:: What you will do ::
Bring together copies of the lines in the data below that contain the word "lemmas".

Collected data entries
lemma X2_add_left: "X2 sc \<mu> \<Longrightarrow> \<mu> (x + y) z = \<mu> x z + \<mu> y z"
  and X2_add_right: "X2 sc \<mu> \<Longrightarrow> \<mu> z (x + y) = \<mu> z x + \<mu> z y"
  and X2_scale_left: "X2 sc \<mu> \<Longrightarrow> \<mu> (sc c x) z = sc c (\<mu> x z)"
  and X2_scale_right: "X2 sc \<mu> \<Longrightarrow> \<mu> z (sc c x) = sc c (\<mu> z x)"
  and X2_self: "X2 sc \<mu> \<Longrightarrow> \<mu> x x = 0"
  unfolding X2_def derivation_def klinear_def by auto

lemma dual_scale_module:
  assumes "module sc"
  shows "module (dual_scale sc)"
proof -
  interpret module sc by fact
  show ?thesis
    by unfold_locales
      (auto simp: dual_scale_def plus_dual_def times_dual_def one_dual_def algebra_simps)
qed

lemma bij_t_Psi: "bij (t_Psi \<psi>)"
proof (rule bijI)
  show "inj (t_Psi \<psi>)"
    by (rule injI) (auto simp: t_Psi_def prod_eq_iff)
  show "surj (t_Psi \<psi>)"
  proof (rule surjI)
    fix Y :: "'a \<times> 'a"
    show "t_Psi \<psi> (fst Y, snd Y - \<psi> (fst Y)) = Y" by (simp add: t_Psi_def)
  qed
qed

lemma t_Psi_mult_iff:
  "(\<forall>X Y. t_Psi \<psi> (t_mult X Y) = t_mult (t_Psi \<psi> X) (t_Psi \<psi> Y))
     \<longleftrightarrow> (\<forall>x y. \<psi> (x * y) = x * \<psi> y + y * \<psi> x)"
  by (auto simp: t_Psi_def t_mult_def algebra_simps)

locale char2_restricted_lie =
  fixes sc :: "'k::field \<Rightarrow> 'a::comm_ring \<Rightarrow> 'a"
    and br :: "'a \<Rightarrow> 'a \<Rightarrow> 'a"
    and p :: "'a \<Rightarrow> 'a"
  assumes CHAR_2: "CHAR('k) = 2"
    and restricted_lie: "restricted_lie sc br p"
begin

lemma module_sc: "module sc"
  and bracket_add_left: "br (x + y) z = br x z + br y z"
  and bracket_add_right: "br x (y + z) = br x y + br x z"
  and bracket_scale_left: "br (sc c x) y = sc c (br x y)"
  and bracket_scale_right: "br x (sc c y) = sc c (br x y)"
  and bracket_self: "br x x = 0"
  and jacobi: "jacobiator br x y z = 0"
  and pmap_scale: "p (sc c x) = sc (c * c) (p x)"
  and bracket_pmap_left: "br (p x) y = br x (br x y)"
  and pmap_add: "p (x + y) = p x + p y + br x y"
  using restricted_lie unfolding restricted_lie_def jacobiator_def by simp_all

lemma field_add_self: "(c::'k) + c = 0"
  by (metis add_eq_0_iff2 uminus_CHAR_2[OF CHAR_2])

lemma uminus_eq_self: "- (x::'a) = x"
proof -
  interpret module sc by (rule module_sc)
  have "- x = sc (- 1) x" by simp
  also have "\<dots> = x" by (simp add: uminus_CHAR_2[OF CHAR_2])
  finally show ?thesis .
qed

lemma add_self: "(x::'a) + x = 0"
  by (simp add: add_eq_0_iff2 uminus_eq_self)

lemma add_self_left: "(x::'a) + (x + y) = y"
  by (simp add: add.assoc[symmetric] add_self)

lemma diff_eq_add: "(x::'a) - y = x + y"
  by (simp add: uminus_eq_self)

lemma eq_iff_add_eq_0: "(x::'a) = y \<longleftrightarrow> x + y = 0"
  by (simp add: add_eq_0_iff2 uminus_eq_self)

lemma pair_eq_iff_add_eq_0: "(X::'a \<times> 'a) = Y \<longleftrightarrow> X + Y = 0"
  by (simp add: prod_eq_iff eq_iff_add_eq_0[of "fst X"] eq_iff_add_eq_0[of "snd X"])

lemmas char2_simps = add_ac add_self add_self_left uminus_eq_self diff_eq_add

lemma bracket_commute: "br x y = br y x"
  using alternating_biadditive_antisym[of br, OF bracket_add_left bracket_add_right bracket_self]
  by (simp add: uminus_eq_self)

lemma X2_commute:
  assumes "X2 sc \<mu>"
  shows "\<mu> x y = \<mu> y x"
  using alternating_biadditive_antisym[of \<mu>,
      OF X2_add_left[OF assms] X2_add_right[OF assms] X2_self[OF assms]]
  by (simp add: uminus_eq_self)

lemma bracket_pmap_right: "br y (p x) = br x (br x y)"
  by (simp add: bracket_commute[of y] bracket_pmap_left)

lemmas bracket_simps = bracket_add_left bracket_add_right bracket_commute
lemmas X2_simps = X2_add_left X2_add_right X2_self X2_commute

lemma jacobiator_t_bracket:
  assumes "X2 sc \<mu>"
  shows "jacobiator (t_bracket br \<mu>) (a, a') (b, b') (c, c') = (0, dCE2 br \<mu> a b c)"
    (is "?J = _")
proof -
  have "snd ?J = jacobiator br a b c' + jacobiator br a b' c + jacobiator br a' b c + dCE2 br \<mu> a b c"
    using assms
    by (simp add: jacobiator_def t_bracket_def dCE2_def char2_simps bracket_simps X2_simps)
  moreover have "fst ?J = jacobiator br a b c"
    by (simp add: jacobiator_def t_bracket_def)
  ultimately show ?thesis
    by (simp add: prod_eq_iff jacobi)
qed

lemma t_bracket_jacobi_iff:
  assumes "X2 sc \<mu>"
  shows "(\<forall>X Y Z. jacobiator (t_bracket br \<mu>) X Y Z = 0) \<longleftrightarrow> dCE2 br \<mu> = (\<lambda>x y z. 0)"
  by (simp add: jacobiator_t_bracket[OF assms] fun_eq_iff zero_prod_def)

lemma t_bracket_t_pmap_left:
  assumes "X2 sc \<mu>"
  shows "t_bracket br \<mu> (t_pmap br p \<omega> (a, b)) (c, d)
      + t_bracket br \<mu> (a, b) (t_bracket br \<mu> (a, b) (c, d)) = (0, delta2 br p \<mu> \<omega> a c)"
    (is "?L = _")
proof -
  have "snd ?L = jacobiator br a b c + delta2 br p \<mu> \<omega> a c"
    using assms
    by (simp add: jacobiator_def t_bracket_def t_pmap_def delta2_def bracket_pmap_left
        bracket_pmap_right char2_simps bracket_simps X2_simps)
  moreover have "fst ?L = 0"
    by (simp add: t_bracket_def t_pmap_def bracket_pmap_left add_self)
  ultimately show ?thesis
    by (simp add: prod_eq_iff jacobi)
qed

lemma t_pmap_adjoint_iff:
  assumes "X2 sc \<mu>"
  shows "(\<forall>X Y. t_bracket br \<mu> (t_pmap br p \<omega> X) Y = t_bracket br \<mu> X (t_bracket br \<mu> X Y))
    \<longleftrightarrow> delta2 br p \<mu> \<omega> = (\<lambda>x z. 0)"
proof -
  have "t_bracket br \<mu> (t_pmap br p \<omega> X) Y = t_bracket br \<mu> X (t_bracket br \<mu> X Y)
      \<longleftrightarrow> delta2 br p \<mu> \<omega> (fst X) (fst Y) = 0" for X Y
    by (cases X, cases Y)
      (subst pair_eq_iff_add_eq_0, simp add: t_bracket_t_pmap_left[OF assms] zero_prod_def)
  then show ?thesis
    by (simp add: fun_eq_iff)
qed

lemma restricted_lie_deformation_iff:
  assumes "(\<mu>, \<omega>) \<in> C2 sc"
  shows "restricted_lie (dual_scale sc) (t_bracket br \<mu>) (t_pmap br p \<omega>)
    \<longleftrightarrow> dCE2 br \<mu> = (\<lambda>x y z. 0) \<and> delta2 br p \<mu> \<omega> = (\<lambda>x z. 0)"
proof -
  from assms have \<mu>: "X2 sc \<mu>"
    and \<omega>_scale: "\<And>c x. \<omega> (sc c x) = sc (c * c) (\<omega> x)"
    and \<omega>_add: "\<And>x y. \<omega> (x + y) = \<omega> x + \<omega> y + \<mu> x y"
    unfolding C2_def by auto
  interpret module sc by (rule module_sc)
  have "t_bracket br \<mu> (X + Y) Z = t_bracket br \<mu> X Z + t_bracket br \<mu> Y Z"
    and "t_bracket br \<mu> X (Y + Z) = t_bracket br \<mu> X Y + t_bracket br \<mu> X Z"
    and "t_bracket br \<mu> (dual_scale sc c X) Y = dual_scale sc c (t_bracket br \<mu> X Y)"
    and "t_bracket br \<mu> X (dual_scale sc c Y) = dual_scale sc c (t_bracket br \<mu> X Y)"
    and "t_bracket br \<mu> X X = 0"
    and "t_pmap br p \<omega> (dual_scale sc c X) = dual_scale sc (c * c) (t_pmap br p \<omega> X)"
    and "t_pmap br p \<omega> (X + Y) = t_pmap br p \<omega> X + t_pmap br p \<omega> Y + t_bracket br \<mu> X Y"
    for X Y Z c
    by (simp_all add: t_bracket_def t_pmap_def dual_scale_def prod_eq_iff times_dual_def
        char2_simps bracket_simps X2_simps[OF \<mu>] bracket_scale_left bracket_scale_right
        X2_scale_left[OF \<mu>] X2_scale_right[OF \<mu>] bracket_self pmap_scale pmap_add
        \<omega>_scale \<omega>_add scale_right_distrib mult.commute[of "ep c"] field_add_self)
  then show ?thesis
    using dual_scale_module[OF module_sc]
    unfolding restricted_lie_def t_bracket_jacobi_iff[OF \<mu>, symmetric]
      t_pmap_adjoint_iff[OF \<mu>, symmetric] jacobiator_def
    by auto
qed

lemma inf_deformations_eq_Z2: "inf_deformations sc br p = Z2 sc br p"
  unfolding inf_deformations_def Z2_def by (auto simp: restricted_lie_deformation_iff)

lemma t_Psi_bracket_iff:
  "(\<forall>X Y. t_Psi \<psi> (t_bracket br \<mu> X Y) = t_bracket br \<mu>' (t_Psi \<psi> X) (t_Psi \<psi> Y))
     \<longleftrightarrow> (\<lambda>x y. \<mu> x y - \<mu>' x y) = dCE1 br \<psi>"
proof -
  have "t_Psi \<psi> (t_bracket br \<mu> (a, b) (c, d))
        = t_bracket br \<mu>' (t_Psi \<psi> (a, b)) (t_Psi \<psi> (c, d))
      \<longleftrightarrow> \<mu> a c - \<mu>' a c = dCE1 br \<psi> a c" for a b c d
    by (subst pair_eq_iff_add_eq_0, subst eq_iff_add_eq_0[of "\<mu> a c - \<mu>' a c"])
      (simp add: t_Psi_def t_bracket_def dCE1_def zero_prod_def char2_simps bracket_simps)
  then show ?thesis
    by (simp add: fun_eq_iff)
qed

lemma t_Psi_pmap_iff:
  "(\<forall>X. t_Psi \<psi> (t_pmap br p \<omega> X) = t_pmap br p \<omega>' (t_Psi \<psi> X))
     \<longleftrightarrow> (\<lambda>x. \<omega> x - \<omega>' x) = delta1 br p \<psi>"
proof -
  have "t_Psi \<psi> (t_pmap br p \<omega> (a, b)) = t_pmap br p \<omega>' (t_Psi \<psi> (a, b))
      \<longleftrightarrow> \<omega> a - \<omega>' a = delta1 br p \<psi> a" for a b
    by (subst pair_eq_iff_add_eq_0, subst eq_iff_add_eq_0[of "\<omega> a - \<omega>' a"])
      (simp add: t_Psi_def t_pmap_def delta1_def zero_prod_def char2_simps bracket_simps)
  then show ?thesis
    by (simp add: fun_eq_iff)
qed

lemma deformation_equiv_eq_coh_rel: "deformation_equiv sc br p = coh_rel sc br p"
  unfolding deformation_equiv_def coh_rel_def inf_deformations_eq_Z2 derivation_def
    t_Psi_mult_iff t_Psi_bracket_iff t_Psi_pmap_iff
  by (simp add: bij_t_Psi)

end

==

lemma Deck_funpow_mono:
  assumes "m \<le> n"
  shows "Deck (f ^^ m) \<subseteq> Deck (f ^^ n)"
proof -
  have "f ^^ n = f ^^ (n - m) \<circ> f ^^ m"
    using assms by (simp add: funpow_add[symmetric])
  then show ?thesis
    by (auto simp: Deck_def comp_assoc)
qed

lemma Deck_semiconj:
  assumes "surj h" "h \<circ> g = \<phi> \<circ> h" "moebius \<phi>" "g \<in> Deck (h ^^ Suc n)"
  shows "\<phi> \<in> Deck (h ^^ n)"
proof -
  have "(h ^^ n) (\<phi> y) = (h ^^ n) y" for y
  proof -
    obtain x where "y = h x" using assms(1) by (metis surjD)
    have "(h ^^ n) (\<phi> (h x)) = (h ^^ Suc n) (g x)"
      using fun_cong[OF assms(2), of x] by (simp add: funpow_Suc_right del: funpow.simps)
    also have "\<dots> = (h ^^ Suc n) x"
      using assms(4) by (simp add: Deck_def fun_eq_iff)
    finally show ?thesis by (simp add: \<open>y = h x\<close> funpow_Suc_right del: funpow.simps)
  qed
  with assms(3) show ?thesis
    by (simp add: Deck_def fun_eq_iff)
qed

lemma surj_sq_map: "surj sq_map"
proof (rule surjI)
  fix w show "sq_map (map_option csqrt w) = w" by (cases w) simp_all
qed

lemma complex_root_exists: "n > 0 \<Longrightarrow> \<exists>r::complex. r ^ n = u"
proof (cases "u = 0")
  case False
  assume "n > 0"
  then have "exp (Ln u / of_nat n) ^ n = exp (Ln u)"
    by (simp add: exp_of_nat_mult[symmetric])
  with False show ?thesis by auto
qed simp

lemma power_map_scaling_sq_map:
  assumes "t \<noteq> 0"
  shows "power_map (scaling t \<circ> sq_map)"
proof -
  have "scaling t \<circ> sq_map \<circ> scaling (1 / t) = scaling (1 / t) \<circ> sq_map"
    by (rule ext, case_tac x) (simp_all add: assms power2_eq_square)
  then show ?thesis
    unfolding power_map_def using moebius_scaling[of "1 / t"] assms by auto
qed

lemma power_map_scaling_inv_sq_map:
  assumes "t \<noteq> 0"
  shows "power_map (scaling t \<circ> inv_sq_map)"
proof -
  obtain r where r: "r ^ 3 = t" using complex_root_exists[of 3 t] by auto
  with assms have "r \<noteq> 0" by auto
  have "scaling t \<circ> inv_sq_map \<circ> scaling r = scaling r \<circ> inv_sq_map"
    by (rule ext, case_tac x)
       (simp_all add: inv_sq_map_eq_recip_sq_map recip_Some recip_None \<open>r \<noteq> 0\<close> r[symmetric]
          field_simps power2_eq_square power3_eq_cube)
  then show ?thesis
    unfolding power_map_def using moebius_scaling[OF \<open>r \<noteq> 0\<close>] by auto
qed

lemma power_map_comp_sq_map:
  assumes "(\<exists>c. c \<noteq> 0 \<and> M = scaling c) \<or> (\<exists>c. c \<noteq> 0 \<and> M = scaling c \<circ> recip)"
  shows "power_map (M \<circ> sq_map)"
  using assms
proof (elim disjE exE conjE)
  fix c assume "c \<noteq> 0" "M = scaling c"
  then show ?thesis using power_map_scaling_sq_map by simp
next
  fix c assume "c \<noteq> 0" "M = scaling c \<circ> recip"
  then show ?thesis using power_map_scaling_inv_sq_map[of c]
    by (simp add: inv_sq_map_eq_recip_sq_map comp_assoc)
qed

:: Your solution ::
lemmas char2_simps = add_ac add_self add_self_left uminus_eq_self diff_eq_add
lemmas bracket_simps = bracket_add_left bracket_add_right bracket_commute
lemmas X2_simps = X2_add_left X2_add_right X2_self X2_commute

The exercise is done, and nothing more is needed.